Jacobs is expected to start, but he and Scott will both be counted on to try and give the Giants a balanced offensive attack against the Chicago Bears Thursday night. That in itself will be a challenge, according to offensive coordinator Kevin Gilbride.
"It will be a challenge (even) if you had everybody, just because they're (the Bears) such a talented defense," he said. "They're so powerfully strong, the way they play this game. They're all focused on the ball and they take great pride. They've got great tradition. It's going to be difficult, but I'm sure (Jacobs and Scott) are going to give it their best shot."
After Wilson left the game early with a neck injury last week, Jacobs racked up 37 yards on 11 carries for a running game that largely unproductive. Earlier this week, the team re-signed Scott, who was waived earlier in the month so the team could add depth to its struggling offensive line.
Without Wilson, the most talented back on the roster, and an offensive line devastated by injuries and a lack of production from the tackle spots, the Giants will try to forge a running game. It hasn't worked in the first five games, and it becomes an even greater challenge when there's so many moving parts.

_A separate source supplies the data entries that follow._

lemma walk_connects:
  assumes "symp R" "successively R q" "u \<in> set q" "w \<in> set q"
  shows "\<exists>Q. path_between R Q u w \<and> set Q \<subseteq> set q \<and> length Q \<le> length q"
proof -
  have segment: "\<exists>Q. path_between R Q (q ! a) (q ! b) \<and> set Q \<subseteq> set q \<and> length Q \<le> length q"
    if "a \<le> b" "b < length q" for a b
  proof -
    define S where "S = drop a (take (Suc b) q)"
    have "successively R S" "S \<noteq> []" "hd S = q ! a" "last S = q ! b" "set S \<subseteq> set q"
      "length S \<le> length q"
      using assms(2) that unfolding S_def
      by (auto simp: successively_slice hd_drop_conv_nth last_conv_nth dest: in_set_dropD in_set_takeD)
    then show ?thesis using walk_contains_path[of R S] by fastforce
  qed
  obtain a b where ab: "a < length q" "q ! a = u" "b < length q" "q ! b = w"
    using assms(3,4) by (metis in_set_conv_nth)
  show ?thesis
  proof (cases "a \<le> b")
    case True
    then show ?thesis using segment ab by blast
  next
    case False
    then obtain Q where "path_between R Q w u" "set Q \<subseteq> set q" "length Q \<le> length q"
      using segment[of b a] ab by auto
    then show ?thesis using path_between_rev[OF assms(1)] by (metis length_rev set_rev)
  qed
qed
lemma le_two_powr_if_count_bound:
  fixes p d c :: nat and P :: real
  assumes "3 \<le> p" "36 * log 2 p \<le> d" "2 powr (real d / 3) \<le> c" "0 \<le> P"
    and "c * P powr (2 * log 2 p) \<le> 1 + 4 * real p * real d"
  shows "P \<le> 2 powr (- real d / (36 * (real p)\<^sup>2))"
proof (rule ccontr)
  let ?l = "log 2 p" and ?R = "2 powr (- real d / (36 * (real p)\<^sup>2))"
  assume "\<not> P \<le> ?R"
  then have "?R powr (2 * ?l) < P powr (2 * ?l)"
    using assms(1) by (intro powr_less_mono2) auto
  moreover have "?R powr (2 * ?l) = 2 powr (- (2 * ?l * real d / (36 * (real p)\<^sup>2)))"
    by (simp add: powr_powr)
  moreover have "0 < real c"
    using assms(3) powr_gt_zero[of 2 "real d / 3"] by linarith
  ultimately have "c * 2 powr (- (2 * ?l * real d / (36 * (real p)\<^sup>2))) < 1 + 4 * real p * real d"
    using assms(5) by (metis mult_strict_left_mono order.strict_trans2)
  also have "\<dots> \<le> 2 powr (real d / 3) * 2 powr (- (2 * ?l * real d / (36 * (real p)\<^sup>2)))"
    using one_add_four_mult_le_two_powr[OF assms(1,2)] by (simp flip: powr_add)
  also have "\<dots> \<le> c * 2 powr (- (2 * ?l * real d / (36 * (real p)\<^sup>2)))"
    using assms(3) by (rule mult_right_mono) simp
  finally show False
    by simp
qed

lemma card_columns_le_card_boolean_forms:
  assumes "is_Fp_matrix p d c L" "distinct_columns d c L"
  shows "c \<le> card (boolean_forms p d {v \<in> binvecs d. \<forall>j<c. transp_mult_mod p d L v j \<in> {0, 1}})"
    (is "c \<le> card (boolean_forms p d ?E)")
proof -
  define col where "col j = restrict (\<lambda>i. L i j) {0..<d}" for j
  have "col j \<in> boolean_forms p d ?E" if "j < c" for j
  proof -
    have "col j \<in> Fp_vectors p d"
      using assms(1) that by (simp add: col_def Fp_vectors_def is_Fp_matrix_def restrict_PiE_iff)
    moreover have "(dot d (col j) x - 0) mod int p \<in> {0, 1}" if "x \<in> ?E" for x
      using that \<open>j < c\<close> by (simp add: dot_def col_def transp_mult_mod_def)
    ultimately show ?thesis
      unfolding boolean_forms_def by blast
  qed
  moreover have "inj_on col {..<c}"
  proof (rule inj_onI)
    fix j k assume "j \<in> {..<c}" "k \<in> {..<c}" "col j = col k"
    then show "j = k"
      using assms(2) unfolding distinct_columns_def col_def by (metis atLeastLessThan_iff lessThan_iff restrict_apply' zero_le)
  qed
  ultimately have "card {..<c} \<le> card (boolean_forms p d ?E)"
    by (intro card_inj_on_le finite_subset[OF boolean_forms_subset finite_Fp_vectors]) auto
  then show ?thesis
    by simp
qed

lemma prob_pmf_of_binvecs: "measure_pmf.prob (pmf_of_set (binvecs d)) S = cube_density d (binvecs d \<inter> S)"
proof -
  have "binvecs d \<noteq> {}"
    using card_binvecs[of d] by auto
  then show ?thesis
    by (simp add: measure_pmf_of_set cube_density_def card_binvecs Int_commute)
qed

theorem lemma4p1:
  fixes p c d :: nat and L :: "nat \<Rightarrow> nat \<Rightarrow> int"
  assumes "prime p" and "odd p"
    and "c > 0" and "d > 0"
    and "36 * log 2 (real p) \<le> real d" and "real d \<le> 3 * log 2 (real c)"
    and "is_Fp_matrix p d c L"
    and "distinct_columns d c L"
  shows "measure_pmf.prob (pmf_of_set (binvecs d))
           {v. \<forall>j<c. transp_mult_mod p d L v j \<in> {0, 1}}
         \<le> 3 * 2 powr (- real d / (36 * (real p)\<^sup>2))"
proof -
  define E where "E = {v \<in> binvecs d. \<forall>j<c. transp_mult_mod p d L v j \<in> {0, 1}}"
  have "3 \<le> p"
    using prime_ge_2_nat[OF assms(1)] assms(2) by presburger
  have "c \<le> card (boolean_forms p d E)"
    unfolding E_def using assms(7,8) by (rule card_columns_le_card_boolean_forms)
  then have "c * cube_density d E powr (2 * log 2 p)
      \<le> card (boolean_forms p d E) * cube_density d E powr (2 * log 2 p)"
    by (intro mult_right_mono) simp_all
  also have "\<dots> \<le> 1 + 4 * real p * real d"
    using assms(2) by (rule card_boolean_forms_cube_density_bound) (auto simp: E_def)
  finally have count: "c * cube_density d E powr (2 * log 2 p) \<le> 1 + 4 * real p * real d" .
  have "2 powr (real d / 3) \<le> c"
    using assms(3,6) by (simp add: powr_le_iff le_log_iff)
  then have "cube_density d E \<le> 2 powr (- real d / (36 * (real p)\<^sup>2))"
    by (rule le_two_powr_if_count_bound[OF \<open>3 \<le> p\<close> assms(5) _ cube_density_nonneg count])
  moreover have "measure_pmf.prob (pmf_of_set (binvecs d)) {v. \<forall>j<c. transp_mult_mod p d L v j \<in> {0, 1}}
      = cube_density d E"
    unfolding prob_pmf_of_binvecs E_def by (metis Collect_conj_eq Collect_mem_eq)
  ultimately show ?thesis
    using powr_ge_zero[of 2 "- real d / (36 * (real p)\<^sup>2)"] by linarith
qed

end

"We've had a lot of changing parts -- a new tackle, new guard, new center, new tight end. It's just part of what we had to deal with," Gilbride said. "The good thing is there's been no discouragement. There's been disappointment and guys are hanging in there, working hard. I haven't been disappointed at all with their effort.
"We just have to stop (the turnovers and mistakes), which is difficult, but when you have as many new parts we have it, it's particularly so."
A lack of a running game has been particular difficult for Eli Manning, who leads the league in interceptions (12). Manning has been forced to shoulder the load offensively, and because the Giants are constantly facing uphill battles, he's throwing over and over to try and rally his team.
Manning denies he has played lousy and instead argues he has thrown the ball accurate and made good decisions for the most part. Gilbride agrees, explaining the mistakes are not solely because of Manning but a team-wide issue.
"There's so many contributing factors into those stats and certainly some of the energy to try and do something to win a game," he said. "In terms of (Manning), knowing where to go with the ball, trying to throw the ball to the right spot, throwing the ball generally accurately -- he's done a great job. Unfortunately it's the mistakes that have killed us. We all have to share the blame for that."
With so many problems -- a shaky offensive line, a depleted running back stable and an 0-5 hole -- the Giants have to also contend with a short week before hosting the Bears.
This isn't the same Bears defense we're used, but one that is still very effective. Chicago owns the 13th-ranked defense in the NFL and is second only to the Seattle Seahawks in total takeaways (14).
"(They) have a lot of variety (in) the different blitz combinations they bring (and) it's caused a lot of offenses a lot of difficulty over the years," Gilbride said. "We've addressed it intellectually. Schematically, we feel like we've got a couple of good ideas to contend with it. It's the Xs and Os that come with the players; the quality of their Xs are pretty good."